Some people have an influence far wider than their formal qualifications or occupation would suggest. In the world of herpetology in Britain of the 1950s and 60s, George Boyce, a pet-shop owner had a great influence on young people with an interest in reptiles and amphibians. Yes, he would sell you the animals but he was also a great enthusiast and advocate not only for reptiles but also for instilling a life’s interest in something worthwhile. This is a slightly modified version of this post on my other blog that deals with the history of the advances in keeping reptiles and amphibians.
In mid-1950s Britain dealers in reptiles and amphibians were rare for the simple reason that the market was small. Some larger dealers had gone out of business. Palmers of Camden Town was the really big one but did not specialise in reptiles. There were wholesale dealers selling to small pet shops but the main ones catering for enthusiasts and zoos were Robert Jackson in Cheshire and George Boyce in London. For a few years they were the only regular source.

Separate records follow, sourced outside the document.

lemma box_bump_has_derivative:
  "(box_bump n a b has_derivative (\<lambda>h. box_bump_grad n a b x \<bullet> h)) (at x)"
proof -
  have "((\<lambda>x. interval_bump n (a$i) (b$i) (x$i)) has_derivative
          (\<lambda>y. interval_bump' n (a$i) (b$i) (x$i) * y$i)) (at x)" for i
  proof -
    have "((\<lambda>x. x$i) has_derivative (\<lambda>y. y$i)) (at x)"
      by (rule bounded_linear_imp_has_derivative[OF bounded_linear_vec_nth])
    from has_derivative_compose[OF this
        has_field_derivative_imp_has_derivative[OF interval_bump_has_real_derivative]]
    show ?thesis by simp
  qed
  then have "(box_bump n a b has_derivative
     (\<lambda>y. \<Sum>i\<in>UNIV. interval_bump' n (a$i) (b$i) (x$i) * y$i
                      * (\<Prod>j\<in>UNIV - {i}. interval_bump n (a$j) (b$j) (x$j)))) (at x)"
    unfolding box_bump_def[abs_def] by (rule has_derivative_prod)
  then show ?thesis
    by (rule has_derivative_eq_rhs) (auto simp: box_bump_grad_def inner_vec_def intro!: ext sum.cong)
qed

lemma continuous_on_box_bump: "continuous_on UNIV (box_bump n a b)"
  unfolding box_bump_def[abs_def]
  by (intro continuous_intros continuous_on_compose2[OF continuous_on_interval_bump]) auto

lemma continuous_on_box_bump_grad: "continuous_on UNIV (box_bump_grad n a b)"
  unfolding box_bump_grad_def[abs_def]
  by (intro continuous_intros continuous_on_compose2[OF continuous_on_interval_bump']
      continuous_on_compose2[OF continuous_on_interval_bump]) auto

lemma borel_measurable_box_bump[measurable]: "box_bump n a b \<in> borel_measurable borel"
  by (rule borel_measurable_continuous_onI[OF continuous_on_box_bump])

lemma box_bump_bounds: "0 \<le> box_bump n a b x \<and> box_bump n a b x \<le> 1"
  unfolding box_bump_def using interval_bump_bounds by (auto intro!: prod_nonneg prod_le_1)

lemma box_bump_support: "0 < n \<Longrightarrow> {x. box_bump n a b x \<noteq> 0} \<subseteq> box a b"
proof
  fix x assume n: "0 < n" and "x \<in> {x. box_bump n a b x \<noteq> 0}"
  then have "interval_bump n (a$i) (b$i) (x$i) \<noteq> 0" for i by (auto simp: box_bump_def)
  then show "x \<in> box a b" using interval_bump_nonzero_imp_between[OF n] by (auto simp: mem_box_cart)
qed

lemma box_bump_eq_zero: "0 < n \<Longrightarrow> x \<notin> box a b \<Longrightarrow> box_bump n a b x = 0"
  using box_bump_support by blast

lemma box_bump_tendsto_indicator:
  "(\<lambda>N. box_bump (real N) a b x) \<longlonglongrightarrow> indicator (box a b) x"
proof (cases "x \<in> box a b")
  case True
  then have "eventually (\<lambda>N. \<forall>i. interval_bump (real N) (a$i) (b$i) (x$i) = 1) sequentially"
    by (intro eventually_all_finite eventually_interval_bump_eq_one) (auto simp: mem_box_cart)
  then have "eventually (\<lambda>N. box_bump (real N) a b x = 1) sequentially"
    by eventually_elim (simp add: box_bump_def)
  then show ?thesis using True by (simp add: tendsto_eventually)
next
  case False
  then have "eventually (\<lambda>N. box_bump (real N) a b x = 0) sequentially"
    by (auto intro!: eventually_sequentiallyI[of 1] box_bump_eq_zero)
  then show ?thesis using False by (simp add: tendsto_eventually)
qed

lemma c1c_grad_box_bump: "0 < n \<Longrightarrow> c1c_grad (box_bump n a b) (box_bump_grad n a b)"
  using bounded_subset[OF bounded_box box_bump_support] continuous_on_box_bump_grad box_bump_has_derivative
  by (auto simp: c1c_grad_def compact_closure)
locale gq_incidence_graph =
  fixes V :: "'v set" and E :: "'v \<Rightarrow> 'v \<Rightarrow> bool" and side :: "'v \<Rightarrow> bool" and s :: nat
  assumes finite_V: "finite V"
    and adj_in_V: "E u v \<Longrightarrow> u \<in> V \<and> v \<in> V"
    and adj_sym: "E u v \<Longrightarrow> E v u"
    and adj_sides: "E u v \<Longrightarrow> side u \<noteq> side v"
    and degree: "u \<in> V \<Longrightarrow> card {v. E u v} = Suc s"
    and common_nbr_unique: "E u w \<Longrightarrow> E w v \<Longrightarrow> E u w' \<Longrightarrow> E w' v \<Longrightarrow> u \<noteq> v \<Longrightarrow> w = w'"
    and path3_exists: "u \<in> V \<Longrightarrow> v \<in> V \<Longrightarrow> side u \<noteq> side v \<Longrightarrow> \<not> E u v \<Longrightarrow>
       \<exists>w m. E u w \<and> E w m \<and> E m v"
    and path3_unique: "E u w \<Longrightarrow> E w m \<Longrightarrow> E m v \<Longrightarrow> E u w' \<Longrightarrow> E w' m' \<Longrightarrow> E m' v \<Longrightarrow>
       \<not> E u v \<Longrightarrow> w = w' \<and> m = m'"
begin

lemma walk_0_iff: "walk V E 0 u v \<longleftrightarrow> u = v \<and> u \<in> V"
  by (auto elim: walk.cases intro: walk.intros)

lemma walk_Suc_iff: "walk V E (Suc n) u w \<longleftrightarrow> (\<exists>v. walk V E n u v \<and> E v w)"
  by (auto elim: walk.cases intro: walk.intros dest: adj_in_V)

definition ball2 :: "'v \<Rightarrow> 'v set" where
  "ball2 u = {u} \<union> {x. E u x} \<union> {x. \<exists>w. E u w \<and> E w x}"

lemma ball2_subset_V: "u \<in> V \<Longrightarrow> ball2 u \<subseteq> V"
  unfolding ball2_def by (auto dest: adj_in_V)

lemma finite_ball2: "u \<in> V \<Longrightarrow> finite (ball2 u)"
  using ball2_subset_V finite_V finite_subset by blast

lemma closed_nbhd_2: assumes u: "u \<in> V" shows "closed_nbhd V E 2 u = ball2 u"
proof -
  have "(\<exists>n\<le>2. walk V E n u x) \<longleftrightarrow> walk V E 0 u x \<or> walk V E 1 u x \<or> walk V E 2 u x" for x
    by (auto simp: le_Suc_eq numeral_2_eq_2)
  also have "\<dots> x \<longleftrightarrow> x \<in> ball2 u" for x
    using u by (auto simp: ball2_def numeral_2_eq_2 walk_Suc_iff walk_0_iff)
  finally show ?thesis
    using ball2_subset_V[OF u] unfolding closed_nbhd_def gdist_le_iff by auto
qed
lemma K23_if_degree_two_independent:
  assumes sg: "simple_graph V E" and tf: "triangle_free E" and nk: "\<not> has_K4_minor V E"
    and min2: "\<forall>v\<in>V. 2 \<le> degree E v"
    and few: "card {v\<in>V. degree E v \<le> 2} \<le> 3"
    and indep: "\<forall>u\<in>V. \<forall>v\<in>V. degree E u \<le> 2 \<longrightarrow> degree E v \<le> 2 \<longrightarrow> {u, v} \<notin> E"
    and x: "x \<in> V" "degree E x \<le> 2"
  obtains y z a b where "V = {x, y, z, a, b}" "distinct [x, y, z, a, b]"
    "neighbors E x = {a, b}" "neighbors E y = {a, b}" "neighbors E z = {a, b}"
proof -
  define L where "L = {v\<in>V. degree E v \<le> 2}"
  have L: "finite L" "card L \<le> 3"
    using few simple_graph_finite[OF sg] by (simp_all add: L_def)
  have deg2: "degree E v = 2" if "v \<in> L" for v
    using that min2 by (auto simp: L_def)
  have outside_L: "u \<in> V - L" if "v \<in> L" "u \<in> neighbors E v" for u v
  proof -
    have "u \<in> V" "{u, v} \<in> E"
      using that(2) neighbors_subset[OF sg, of v] by (auto simp: in_neighbors_iff)
    then show ?thesis
      using that(1) indep by (auto simp: L_def)
  qed
  have high: "3 \<le> degree E v" if "v \<in> V - L" for v
    using that by (auto simp: L_def)
  have "x \<in> L"
    using x by (simp add: L_def)
  obtain a b where Nx: "neighbors E x = {a, b}" "a \<noteq> b"
    using degree_two_neighborsE[OF deg2[OF \<open>x \<in> L\<close>]] by blast
  have ab: "a \<in> V - L" "b \<in> V - L" "{a, b} \<notin> E"
    using outside_L[OF \<open>x \<in> L\<close>] Nx triangle_free_neighbors_pair[OF tf Nx(1)] by auto
  define G1 where "G1 = suppress E x a b"
  have sg1: "simple_graph (V - {x}) G1"
    using simple_graph_suppress[OF sg neighbors_eq_pairD(1,4)[OF Nx(1)] Nx(2)] by (simp add: G1_def)
  have nk1: "\<not> has_K4_minor (V - {x}) G1"
    using nk has_K4_minor_suppress[OF x(1) neighbors_eq_pairD(1,4)[OF Nx(1)]] by (auto simp: G1_def)
  have deg_G1: "degree G1 v = degree E v" if "v \<noteq> x" for v
    using degree_suppress[OF sg Nx that] ab(3) by (simp add: G1_def)
  have ab1: "{a, b} \<in> G1"
    by (simp add: G1_def in_suppress_iff)
  obtain y where y: "y \<in> V - {x} - {a, b}" "degree E y \<le> 2"
  proof -
    have "\<exists>w. w \<in> V - {x} - {a, b}"
    proof (rule ccontr)
      assume "\<nexists>w. w \<in> V - {x} - {a, b}"
      then have "neighbors E a \<subseteq> {x}"
        using neighbors_subset[OF sg, of a] self_notin_neighbors[OF sg, of a] ab(3)
        by (fastforce simp: in_neighbors_iff insert_commute)
      then show False
        using degree_le_one[OF sg] min2 ab(1) by fastforce
    qed
    then show ?thesis
      using that low_degree_vertex_off_edge[OF sg1 nk1 ab1] deg_G1 by (metis Diff_iff insertCI)
  qed
  have "y \<in> L"
    using y by (simp add: L_def)
  obtain c d where Ny: "neighbors E y = {c, d}" "c \<noteq> d"
    using degree_two_neighborsE[OF deg2[OF \<open>y \<in> L\<close>]] by blast
  have cd: "c \<in> V - L" "d \<in> V - L" "{c, d} \<notin> E"
    using outside_L[OF \<open>y \<in> L\<close>] Ny triangle_free_neighbors_pair[OF tf Ny(1)] by auto
  have Ny1: "neighbors G1 y = {c, d}"
    using neighbors_suppress_other[OF Nx(1), of y] y Ny by (simp add: G1_def)
  define G2 where "G2 = suppress G1 y c d"
  have sg2: "simple_graph (V - {x} - {y}) G2"
    using simple_graph_suppress[OF sg1 neighbors_eq_pairD(1,4)[OF Ny1] Ny(2)] by (simp add: G2_def)
  have nk2: "\<not> has_K4_minor (V - {x} - {y}) G2"
    using nk1 has_K4_minor_suppress[of y "V - {x}" c G1 d] neighbors_eq_pairD(1,4)[OF Ny1] y
    by (auto simp: G2_def)
  have ab2: "{a, b} \<in> G2"
    using ab1 y by (simp add: G2_def in_suppress_iff)
  have cd1: "{c, d} \<in> G1 \<longleftrightarrow> {c, d} = {a, b}"
    using cd(3) by (auto simp: G1_def in_suppress_iff)
  have deg_G2: "degree G2 v = degree E v - (if v \<in> {c, d} \<and> {c, d} = {a, b} then 1 else 0)"
    if "v \<in> V - {x} - {y}" for v
    using that degree_suppress[OF sg1 Ny1 Ny(2), of v] deg_G1[of v] cd1 by (simp add: G2_def)
  have in_G2: "e \<in> G2 \<longleftrightarrow> e = {a, b} \<or> e = {c, d}" if "e \<notin> E" for e
    using that y by (auto simp: G2_def G1_def in_suppress_iff)
  obtain z where z: "z \<in> V - {x} - {y} - {a, b}" "degree G2 z \<le> 2"
  proof -
    have "\<exists>w. w \<in> V - {x} - {y} - {a, b}"
    proof (rule ccontr)
      assume none: "\<nexists>w. w \<in> V - {x} - {y} - {a, b}"
      then have "{c, d} = {a, b}"
        using cd \<open>x \<in> L\<close> \<open>y \<in> L\<close> Ny(2) ab by blast
      have "neighbors E a \<subseteq> {x, y}"
        using none neighbors_subset[OF sg, of a] self_notin_neighbors[OF sg, of a] ab(3)
        by (fastforce simp: in_neighbors_iff insert_commute)
      then show False
        using degree_le_two[OF sg] ab(1) by (auto simp: L_def)
    qed
    then show ?thesis
      using that low_degree_vertex_off_edge[OF sg2 nk2 ab2] by blast
  qed
  have "z \<in> L"
    using z deg_G2[of z] by (auto simp: L_def split: if_splits)
  then have L_eq: "L = {x, y, z}"
    using card_le_3_eq[OF L, of x y z] \<open>x \<in> L\<close> \<open>y \<in> L\<close> y(1) z(1) by auto
  have high_E: "3 \<le> degree E v" if "v \<in> V - {x} - {y} - {z}" for v
    using that high L_eq by blast
  obtain e g where Nz: "neighbors E z = {e, g}" "e \<noteq> g"
    using degree_two_neighborsE[OF deg2[OF \<open>z \<in> L\<close>]] by blast
  have eg: "e \<in> V - L" "g \<in> V - L" "{e, g} \<notin> E"
    using outside_L[OF \<open>z \<in> L\<close>] Nz triangle_free_neighbors_pair[OF tf Nz(1)] by auto
  have z2: "z \<in> V - {x} - {y}" "neighbors G2 z = {e, g}"
    using z neighbors_suppress_other[OF Nx(1), of z] neighbors_suppress_other[OF Ny1, of z]
      \<open>z \<in> L\<close> cd(1,2) Nz(1) by (auto simp: G2_def G1_def)
  show thesis
  proof (cases "{c, d} = {a, b}")
    case False
    have "V - {x} - {y} - {z} \<subseteq> {e, g}"
    proof (rule subset_edge_after_suppress[OF sg2 nk2 z2 Nz(2)])
      show "\<forall>v\<in>V - {x} - {y} - {z} - {e, g}. 3 \<le> degree (suppress G2 z e g) v"
        using degree_suppress[OF sg2 z2(2) Nz(2)] deg_G2 high_E False by auto
    qed (simp add: in_suppress_iff)
    moreover have "{a, b, c, d} \<subseteq> V - {x} - {y} - {z}"
      using ab cd L_eq by blast
    ultimately have "{a, b} = {e, g}" "{c, d} = {e, g}"
      using Nx(2) Ny(2) by blast+
    with False show thesis
      by simp
  next
    case True
    have "{e, g} \<in> G2 \<Longrightarrow> {e, g} = {a, b}"
      using in_G2[OF eg(3)] True by simp
    have "V - {x} - {y} - {z} \<subseteq> {a, b}"
    proof (rule subset_edge_after_suppress[OF sg2 nk2 z2 Nz(2)])
      show "{a, b} \<in> suppress G2 z e g"
        using ab2 z(1) by (simp add: in_suppress_iff)
      show "\<forall>v\<in>V - {x} - {y} - {z} - {a, b}. 3 \<le> degree (suppress G2 z e g) v"
        using degree_suppress[OF sg2 z2(2) Nz(2)] deg_G2 high_E True
          \<open>{e, g} \<in> G2 \<Longrightarrow> {e, g} = {a, b}\<close> by auto
    qed
    moreover have "{e, g} \<subseteq> V - {x} - {y} - {z}"
      using eg L_eq by blast
    ultimately have "{e, g} = {a, b}"
      using Nx(2) Nz(2) by blast
    have "V = {x, y, z, a, b}"
      using \<open>V - {x} - {y} - {z} \<subseteq> {a, b}\<close> x(1) y(1) z(1) ab by blast
    moreover have "distinct [x, y, z, a, b]"
      using \<open>x \<in> L\<close> \<open>y \<in> L\<close> \<open>z \<in> L\<close> ab Nx(2) y(1) z(1) by auto
    ultimately show thesis
      using that[of y z a b] Nx(1) Ny(1) Nz(1) True \<open>{e, g} = {a, b}\<close> by simp
  qed
qed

George Boyce owned South Western Aquarists, a tiny shop at 2 Glenburnie Road, Tooting. It was a place where people, amateurs and professionals went to talk about and occasionally buy reptiles and amphibians. It was somewhat unusual because the reptiles and amphibians were not usually kept on the premises. From his lists which could be had by post, you could either get them delivered by rail to all parts of the country or you could write or phone to ask to look at something on the list; he would then bring the animals with him from home on the appointed day. Impulse buying was impossible. In the times I visited the shop over the years (1959 until 1982) I only ever saw a few lizards in one tank once. There were a few tanks of tropical fish and the then usual supplies of pet food. Conversations were frequently interrupted by the arrival of a little old lady to buy a pound of budgerigar seed or some dog or cat food. This local trade received the benefit of a level of attentive service verging on the obsequious before the owner returned to the subject of the conversation.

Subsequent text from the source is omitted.